*WHAT TO DO*. Report every line of the records beneath this task that holds the string "metis".

*SUPPLIED RECORDS*.
--- START ---
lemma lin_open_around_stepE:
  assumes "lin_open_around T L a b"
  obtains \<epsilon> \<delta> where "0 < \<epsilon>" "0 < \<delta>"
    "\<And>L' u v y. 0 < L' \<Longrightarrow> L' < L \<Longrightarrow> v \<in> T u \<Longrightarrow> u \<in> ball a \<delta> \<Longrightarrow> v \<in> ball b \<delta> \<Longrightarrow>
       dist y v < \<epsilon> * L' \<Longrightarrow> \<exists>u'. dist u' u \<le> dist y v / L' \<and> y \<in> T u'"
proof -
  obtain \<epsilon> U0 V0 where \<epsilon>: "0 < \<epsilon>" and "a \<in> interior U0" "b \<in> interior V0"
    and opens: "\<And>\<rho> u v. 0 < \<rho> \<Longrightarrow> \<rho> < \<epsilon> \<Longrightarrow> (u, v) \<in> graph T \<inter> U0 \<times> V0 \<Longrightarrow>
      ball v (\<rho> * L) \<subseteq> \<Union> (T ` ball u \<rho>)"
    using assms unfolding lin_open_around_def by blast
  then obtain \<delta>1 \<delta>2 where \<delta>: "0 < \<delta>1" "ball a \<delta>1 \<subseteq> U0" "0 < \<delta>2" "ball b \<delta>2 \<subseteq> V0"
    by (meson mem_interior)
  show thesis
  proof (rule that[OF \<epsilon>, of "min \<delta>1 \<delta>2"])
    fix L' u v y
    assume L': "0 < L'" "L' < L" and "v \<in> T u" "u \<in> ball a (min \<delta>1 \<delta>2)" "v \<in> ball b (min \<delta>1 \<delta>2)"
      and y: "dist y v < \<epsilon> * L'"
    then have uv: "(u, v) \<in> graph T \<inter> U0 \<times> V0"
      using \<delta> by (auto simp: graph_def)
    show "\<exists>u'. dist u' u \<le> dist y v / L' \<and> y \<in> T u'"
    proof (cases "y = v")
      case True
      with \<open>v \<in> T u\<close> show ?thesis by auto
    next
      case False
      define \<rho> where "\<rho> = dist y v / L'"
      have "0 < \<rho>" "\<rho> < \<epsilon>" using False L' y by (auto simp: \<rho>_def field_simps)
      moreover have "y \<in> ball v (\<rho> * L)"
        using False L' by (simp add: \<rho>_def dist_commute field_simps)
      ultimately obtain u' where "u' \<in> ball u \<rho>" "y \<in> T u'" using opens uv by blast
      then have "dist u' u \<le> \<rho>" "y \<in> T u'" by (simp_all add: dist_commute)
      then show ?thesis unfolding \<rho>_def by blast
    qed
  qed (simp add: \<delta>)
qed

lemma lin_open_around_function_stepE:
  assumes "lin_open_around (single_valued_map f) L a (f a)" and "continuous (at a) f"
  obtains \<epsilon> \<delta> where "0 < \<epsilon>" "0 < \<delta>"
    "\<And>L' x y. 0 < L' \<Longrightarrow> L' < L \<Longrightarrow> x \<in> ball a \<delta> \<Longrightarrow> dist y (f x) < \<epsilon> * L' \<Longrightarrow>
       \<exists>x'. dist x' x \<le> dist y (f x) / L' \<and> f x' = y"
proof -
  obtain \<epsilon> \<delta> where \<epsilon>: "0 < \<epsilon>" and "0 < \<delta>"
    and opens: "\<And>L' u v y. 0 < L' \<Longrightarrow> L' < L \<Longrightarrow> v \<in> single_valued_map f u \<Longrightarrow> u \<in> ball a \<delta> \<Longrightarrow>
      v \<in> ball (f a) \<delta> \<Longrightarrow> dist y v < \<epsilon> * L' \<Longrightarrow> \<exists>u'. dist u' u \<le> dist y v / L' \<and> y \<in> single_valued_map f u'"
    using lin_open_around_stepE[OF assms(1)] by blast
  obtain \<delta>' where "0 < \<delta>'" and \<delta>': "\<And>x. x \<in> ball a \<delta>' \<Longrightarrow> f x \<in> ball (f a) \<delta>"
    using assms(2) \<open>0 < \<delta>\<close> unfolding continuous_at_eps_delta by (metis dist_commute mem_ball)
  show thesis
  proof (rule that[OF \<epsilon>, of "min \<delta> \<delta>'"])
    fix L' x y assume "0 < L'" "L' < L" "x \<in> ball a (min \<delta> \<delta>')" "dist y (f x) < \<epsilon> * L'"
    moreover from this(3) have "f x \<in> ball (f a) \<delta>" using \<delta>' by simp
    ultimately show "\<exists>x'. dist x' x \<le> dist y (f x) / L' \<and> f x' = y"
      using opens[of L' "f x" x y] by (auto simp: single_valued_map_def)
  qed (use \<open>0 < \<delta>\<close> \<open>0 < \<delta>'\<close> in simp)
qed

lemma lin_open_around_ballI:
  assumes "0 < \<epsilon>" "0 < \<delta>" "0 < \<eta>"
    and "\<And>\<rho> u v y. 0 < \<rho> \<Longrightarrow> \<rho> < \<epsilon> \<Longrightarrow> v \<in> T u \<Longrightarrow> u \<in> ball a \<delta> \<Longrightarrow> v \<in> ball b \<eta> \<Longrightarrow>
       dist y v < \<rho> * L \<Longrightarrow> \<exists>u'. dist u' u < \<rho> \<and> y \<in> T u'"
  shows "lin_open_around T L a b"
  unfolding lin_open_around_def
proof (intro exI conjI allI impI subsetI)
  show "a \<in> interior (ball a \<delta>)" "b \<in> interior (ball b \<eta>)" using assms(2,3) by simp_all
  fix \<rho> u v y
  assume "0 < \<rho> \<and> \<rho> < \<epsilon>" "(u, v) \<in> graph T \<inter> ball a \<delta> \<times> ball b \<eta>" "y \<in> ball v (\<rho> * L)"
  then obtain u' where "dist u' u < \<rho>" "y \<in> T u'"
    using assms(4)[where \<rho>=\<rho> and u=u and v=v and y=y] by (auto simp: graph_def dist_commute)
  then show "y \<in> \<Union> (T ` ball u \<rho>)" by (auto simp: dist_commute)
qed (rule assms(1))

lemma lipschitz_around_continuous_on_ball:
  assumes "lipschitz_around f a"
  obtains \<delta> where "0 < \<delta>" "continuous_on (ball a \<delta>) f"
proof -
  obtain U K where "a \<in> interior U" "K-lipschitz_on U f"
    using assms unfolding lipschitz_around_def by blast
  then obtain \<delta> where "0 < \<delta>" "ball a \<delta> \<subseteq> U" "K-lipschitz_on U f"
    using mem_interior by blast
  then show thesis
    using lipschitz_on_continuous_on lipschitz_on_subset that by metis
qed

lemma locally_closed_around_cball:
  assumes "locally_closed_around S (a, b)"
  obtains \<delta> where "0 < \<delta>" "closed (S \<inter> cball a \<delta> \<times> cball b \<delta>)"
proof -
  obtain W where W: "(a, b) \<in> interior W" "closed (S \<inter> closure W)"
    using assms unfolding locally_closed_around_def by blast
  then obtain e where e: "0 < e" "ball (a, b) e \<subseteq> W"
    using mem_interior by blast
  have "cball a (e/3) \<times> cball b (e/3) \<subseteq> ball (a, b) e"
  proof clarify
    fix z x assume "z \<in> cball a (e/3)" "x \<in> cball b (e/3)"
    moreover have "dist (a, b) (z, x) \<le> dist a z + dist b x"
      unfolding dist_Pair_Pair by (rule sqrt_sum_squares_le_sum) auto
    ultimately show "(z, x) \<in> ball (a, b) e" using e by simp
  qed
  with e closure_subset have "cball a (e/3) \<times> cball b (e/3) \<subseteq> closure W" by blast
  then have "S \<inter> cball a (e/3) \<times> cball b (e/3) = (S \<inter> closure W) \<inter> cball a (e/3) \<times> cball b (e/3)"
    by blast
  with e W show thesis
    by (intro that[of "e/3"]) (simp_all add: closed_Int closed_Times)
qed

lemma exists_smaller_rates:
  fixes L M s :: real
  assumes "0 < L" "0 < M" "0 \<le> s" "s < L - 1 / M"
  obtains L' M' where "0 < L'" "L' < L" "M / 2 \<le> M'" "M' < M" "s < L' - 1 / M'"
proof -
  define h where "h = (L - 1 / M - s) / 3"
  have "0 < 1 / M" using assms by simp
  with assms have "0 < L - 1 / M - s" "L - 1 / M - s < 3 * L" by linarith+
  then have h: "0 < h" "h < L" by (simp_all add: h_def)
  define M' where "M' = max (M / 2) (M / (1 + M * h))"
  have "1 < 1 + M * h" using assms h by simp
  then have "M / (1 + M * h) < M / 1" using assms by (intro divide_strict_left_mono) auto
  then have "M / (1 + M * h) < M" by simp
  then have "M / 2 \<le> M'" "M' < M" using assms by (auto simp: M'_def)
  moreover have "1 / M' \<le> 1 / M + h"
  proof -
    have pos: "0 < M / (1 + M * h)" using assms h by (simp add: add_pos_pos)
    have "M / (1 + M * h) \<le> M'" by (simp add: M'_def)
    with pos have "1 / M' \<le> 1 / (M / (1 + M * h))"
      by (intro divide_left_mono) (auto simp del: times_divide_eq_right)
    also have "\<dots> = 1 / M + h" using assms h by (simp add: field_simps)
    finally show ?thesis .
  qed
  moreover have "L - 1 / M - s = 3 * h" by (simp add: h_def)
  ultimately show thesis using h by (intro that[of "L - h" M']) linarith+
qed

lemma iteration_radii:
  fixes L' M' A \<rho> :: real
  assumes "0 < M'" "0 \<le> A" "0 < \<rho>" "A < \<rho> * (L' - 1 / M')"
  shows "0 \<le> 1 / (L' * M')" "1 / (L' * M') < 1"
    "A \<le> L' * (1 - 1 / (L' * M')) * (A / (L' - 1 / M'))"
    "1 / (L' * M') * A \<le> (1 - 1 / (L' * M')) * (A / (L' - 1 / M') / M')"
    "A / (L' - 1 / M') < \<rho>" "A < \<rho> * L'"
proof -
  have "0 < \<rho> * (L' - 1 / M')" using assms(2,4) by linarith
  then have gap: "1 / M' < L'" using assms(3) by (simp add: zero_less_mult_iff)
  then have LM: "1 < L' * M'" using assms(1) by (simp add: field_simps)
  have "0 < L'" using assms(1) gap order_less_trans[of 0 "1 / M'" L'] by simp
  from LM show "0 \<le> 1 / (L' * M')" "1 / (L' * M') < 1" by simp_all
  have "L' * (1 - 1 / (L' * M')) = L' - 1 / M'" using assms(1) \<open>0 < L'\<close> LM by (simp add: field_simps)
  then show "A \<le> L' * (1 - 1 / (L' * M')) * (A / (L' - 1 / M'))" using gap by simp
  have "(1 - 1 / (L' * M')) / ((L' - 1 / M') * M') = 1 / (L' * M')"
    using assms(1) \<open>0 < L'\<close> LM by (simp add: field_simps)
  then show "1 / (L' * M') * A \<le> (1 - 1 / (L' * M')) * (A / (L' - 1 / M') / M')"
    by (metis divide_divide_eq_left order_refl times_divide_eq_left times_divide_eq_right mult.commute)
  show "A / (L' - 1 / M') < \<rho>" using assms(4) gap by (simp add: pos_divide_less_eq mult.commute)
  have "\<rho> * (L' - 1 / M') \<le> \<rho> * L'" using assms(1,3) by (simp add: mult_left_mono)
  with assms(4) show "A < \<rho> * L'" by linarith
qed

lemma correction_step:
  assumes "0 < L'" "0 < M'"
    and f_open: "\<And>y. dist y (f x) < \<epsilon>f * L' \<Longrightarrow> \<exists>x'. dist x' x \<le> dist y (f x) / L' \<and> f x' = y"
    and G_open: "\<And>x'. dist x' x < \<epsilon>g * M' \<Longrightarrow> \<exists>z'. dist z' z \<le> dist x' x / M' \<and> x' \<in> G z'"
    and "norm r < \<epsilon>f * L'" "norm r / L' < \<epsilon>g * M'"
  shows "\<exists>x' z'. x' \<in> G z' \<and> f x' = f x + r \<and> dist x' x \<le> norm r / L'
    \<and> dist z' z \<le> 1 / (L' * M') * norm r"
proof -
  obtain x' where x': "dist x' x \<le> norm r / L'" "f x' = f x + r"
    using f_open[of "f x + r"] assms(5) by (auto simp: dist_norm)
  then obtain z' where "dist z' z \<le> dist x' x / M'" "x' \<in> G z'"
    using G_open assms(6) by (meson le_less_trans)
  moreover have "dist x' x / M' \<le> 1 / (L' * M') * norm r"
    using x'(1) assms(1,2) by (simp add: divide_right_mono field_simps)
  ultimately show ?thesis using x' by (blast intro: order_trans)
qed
--- END ---
--- START ---
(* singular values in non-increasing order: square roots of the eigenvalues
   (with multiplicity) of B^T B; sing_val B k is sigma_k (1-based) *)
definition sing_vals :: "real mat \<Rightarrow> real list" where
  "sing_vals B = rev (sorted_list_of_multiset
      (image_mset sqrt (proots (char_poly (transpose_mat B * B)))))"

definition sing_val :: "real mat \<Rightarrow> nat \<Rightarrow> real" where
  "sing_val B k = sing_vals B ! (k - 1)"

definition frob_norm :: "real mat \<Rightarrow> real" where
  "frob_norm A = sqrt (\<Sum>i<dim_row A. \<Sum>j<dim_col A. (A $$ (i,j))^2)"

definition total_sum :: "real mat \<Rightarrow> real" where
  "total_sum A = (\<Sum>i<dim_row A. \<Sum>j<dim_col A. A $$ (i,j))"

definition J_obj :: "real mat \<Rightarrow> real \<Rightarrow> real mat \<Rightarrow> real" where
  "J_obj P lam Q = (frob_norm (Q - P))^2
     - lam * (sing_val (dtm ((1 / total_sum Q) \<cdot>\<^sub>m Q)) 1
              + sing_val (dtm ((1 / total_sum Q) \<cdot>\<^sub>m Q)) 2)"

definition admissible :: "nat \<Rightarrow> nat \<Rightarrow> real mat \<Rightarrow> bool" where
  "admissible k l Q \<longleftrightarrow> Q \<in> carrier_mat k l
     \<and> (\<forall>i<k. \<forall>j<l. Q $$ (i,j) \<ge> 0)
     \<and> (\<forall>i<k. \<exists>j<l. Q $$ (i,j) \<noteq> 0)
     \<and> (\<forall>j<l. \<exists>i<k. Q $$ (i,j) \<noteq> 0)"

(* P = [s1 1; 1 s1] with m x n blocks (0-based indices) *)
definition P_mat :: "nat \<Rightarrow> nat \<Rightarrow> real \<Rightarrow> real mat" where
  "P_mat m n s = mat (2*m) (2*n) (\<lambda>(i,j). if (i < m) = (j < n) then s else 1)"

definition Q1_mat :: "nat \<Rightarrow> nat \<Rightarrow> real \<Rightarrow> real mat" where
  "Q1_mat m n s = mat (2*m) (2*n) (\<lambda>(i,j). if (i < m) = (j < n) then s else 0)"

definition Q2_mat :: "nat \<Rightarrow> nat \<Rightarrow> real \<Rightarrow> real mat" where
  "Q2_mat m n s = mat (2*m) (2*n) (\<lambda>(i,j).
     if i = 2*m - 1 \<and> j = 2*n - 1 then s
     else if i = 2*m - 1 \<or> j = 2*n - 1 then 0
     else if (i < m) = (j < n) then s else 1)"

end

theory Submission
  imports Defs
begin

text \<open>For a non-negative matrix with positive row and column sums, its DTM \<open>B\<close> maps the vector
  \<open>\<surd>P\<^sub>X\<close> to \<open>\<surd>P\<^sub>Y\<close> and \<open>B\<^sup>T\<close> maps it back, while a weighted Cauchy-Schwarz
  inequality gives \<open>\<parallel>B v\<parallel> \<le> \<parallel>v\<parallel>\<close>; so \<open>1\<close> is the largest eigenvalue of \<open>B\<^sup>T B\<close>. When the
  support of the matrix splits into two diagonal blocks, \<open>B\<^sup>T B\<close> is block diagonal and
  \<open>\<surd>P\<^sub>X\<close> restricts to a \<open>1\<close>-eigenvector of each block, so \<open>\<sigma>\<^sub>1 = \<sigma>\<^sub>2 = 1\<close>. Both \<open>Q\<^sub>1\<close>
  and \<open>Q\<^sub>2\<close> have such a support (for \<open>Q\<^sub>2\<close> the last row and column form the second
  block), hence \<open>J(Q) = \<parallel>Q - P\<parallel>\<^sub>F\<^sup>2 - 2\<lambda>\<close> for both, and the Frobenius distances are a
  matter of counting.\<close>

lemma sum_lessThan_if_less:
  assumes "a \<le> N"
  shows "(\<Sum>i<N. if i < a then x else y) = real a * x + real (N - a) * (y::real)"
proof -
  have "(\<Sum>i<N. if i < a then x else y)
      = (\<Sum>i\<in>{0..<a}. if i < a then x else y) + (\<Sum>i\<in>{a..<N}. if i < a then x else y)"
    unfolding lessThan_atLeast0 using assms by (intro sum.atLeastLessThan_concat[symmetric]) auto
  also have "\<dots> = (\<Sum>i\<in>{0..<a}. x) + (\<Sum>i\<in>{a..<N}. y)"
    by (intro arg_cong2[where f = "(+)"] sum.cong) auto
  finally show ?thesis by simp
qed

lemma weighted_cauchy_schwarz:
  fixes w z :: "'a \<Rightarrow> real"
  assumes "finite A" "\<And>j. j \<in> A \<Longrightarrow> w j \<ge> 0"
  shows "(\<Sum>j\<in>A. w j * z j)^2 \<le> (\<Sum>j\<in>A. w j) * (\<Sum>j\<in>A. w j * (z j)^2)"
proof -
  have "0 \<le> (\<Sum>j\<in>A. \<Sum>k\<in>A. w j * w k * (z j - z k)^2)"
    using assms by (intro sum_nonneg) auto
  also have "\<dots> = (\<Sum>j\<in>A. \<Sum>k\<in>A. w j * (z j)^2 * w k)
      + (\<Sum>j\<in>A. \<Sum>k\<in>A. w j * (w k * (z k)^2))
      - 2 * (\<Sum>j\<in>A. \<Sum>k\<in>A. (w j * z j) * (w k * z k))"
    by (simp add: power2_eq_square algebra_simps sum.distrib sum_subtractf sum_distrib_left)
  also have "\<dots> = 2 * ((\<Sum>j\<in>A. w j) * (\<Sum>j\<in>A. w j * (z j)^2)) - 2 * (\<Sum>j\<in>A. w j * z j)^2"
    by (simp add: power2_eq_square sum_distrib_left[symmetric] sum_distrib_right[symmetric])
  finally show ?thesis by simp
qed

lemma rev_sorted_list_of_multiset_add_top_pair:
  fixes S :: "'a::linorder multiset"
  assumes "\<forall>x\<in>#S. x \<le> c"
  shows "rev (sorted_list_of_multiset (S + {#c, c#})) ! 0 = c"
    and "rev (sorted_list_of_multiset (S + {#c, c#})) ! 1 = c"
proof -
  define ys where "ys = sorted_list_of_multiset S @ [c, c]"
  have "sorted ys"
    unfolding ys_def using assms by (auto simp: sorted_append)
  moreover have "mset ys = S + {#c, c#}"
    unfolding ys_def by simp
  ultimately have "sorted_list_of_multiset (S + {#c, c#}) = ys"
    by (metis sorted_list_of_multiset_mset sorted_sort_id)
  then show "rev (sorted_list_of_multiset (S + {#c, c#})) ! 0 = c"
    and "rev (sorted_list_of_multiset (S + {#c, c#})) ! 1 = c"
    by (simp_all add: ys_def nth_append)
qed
--- END ---
--- START ---
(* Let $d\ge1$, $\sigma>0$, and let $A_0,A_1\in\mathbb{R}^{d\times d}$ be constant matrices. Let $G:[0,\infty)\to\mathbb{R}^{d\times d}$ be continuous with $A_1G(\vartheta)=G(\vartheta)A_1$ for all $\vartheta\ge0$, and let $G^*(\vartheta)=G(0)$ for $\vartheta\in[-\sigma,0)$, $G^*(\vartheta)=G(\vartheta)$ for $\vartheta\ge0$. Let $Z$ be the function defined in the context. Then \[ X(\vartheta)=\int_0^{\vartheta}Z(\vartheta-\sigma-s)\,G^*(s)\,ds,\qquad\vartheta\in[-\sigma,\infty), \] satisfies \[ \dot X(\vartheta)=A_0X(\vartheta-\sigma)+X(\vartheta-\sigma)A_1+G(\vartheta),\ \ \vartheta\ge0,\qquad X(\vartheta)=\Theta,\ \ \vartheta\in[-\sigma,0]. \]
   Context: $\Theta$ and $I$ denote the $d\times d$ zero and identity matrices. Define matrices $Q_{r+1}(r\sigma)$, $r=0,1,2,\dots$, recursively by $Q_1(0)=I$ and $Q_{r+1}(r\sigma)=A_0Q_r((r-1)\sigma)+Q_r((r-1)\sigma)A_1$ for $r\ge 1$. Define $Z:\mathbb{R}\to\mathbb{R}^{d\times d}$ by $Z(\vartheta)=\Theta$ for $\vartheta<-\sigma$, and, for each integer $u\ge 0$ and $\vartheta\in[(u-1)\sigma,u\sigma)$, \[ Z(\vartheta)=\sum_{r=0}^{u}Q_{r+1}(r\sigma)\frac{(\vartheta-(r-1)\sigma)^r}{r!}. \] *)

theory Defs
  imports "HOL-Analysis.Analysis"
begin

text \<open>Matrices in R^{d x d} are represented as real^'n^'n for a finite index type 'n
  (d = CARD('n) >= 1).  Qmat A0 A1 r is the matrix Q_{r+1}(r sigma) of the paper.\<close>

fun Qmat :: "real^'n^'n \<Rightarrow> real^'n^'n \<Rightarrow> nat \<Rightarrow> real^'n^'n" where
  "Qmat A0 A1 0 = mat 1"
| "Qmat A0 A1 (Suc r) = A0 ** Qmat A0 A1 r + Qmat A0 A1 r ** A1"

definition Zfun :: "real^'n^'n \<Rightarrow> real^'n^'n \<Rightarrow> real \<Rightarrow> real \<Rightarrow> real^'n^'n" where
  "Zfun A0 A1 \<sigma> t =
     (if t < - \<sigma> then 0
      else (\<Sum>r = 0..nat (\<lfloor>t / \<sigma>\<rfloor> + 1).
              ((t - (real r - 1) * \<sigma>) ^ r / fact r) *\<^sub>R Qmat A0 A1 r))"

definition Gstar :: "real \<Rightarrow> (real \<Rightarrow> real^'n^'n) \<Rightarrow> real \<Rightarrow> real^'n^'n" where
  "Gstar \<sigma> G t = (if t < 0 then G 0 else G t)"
--- END ---
*REPLY TO THE TASK*.
    using assms(2) \<open>0 < \<delta>\<close> unfolding continuous_at_eps_delta by (metis dist_commute mem_ball)
    using lipschitz_on_continuous_on lipschitz_on_subset that by metis
    by (metis divide_divide_eq_left order_refl times_divide_eq_left times_divide_eq_right mult.commute)
    by (metis sorted_list_of_multiset_mset sorted_sort_id)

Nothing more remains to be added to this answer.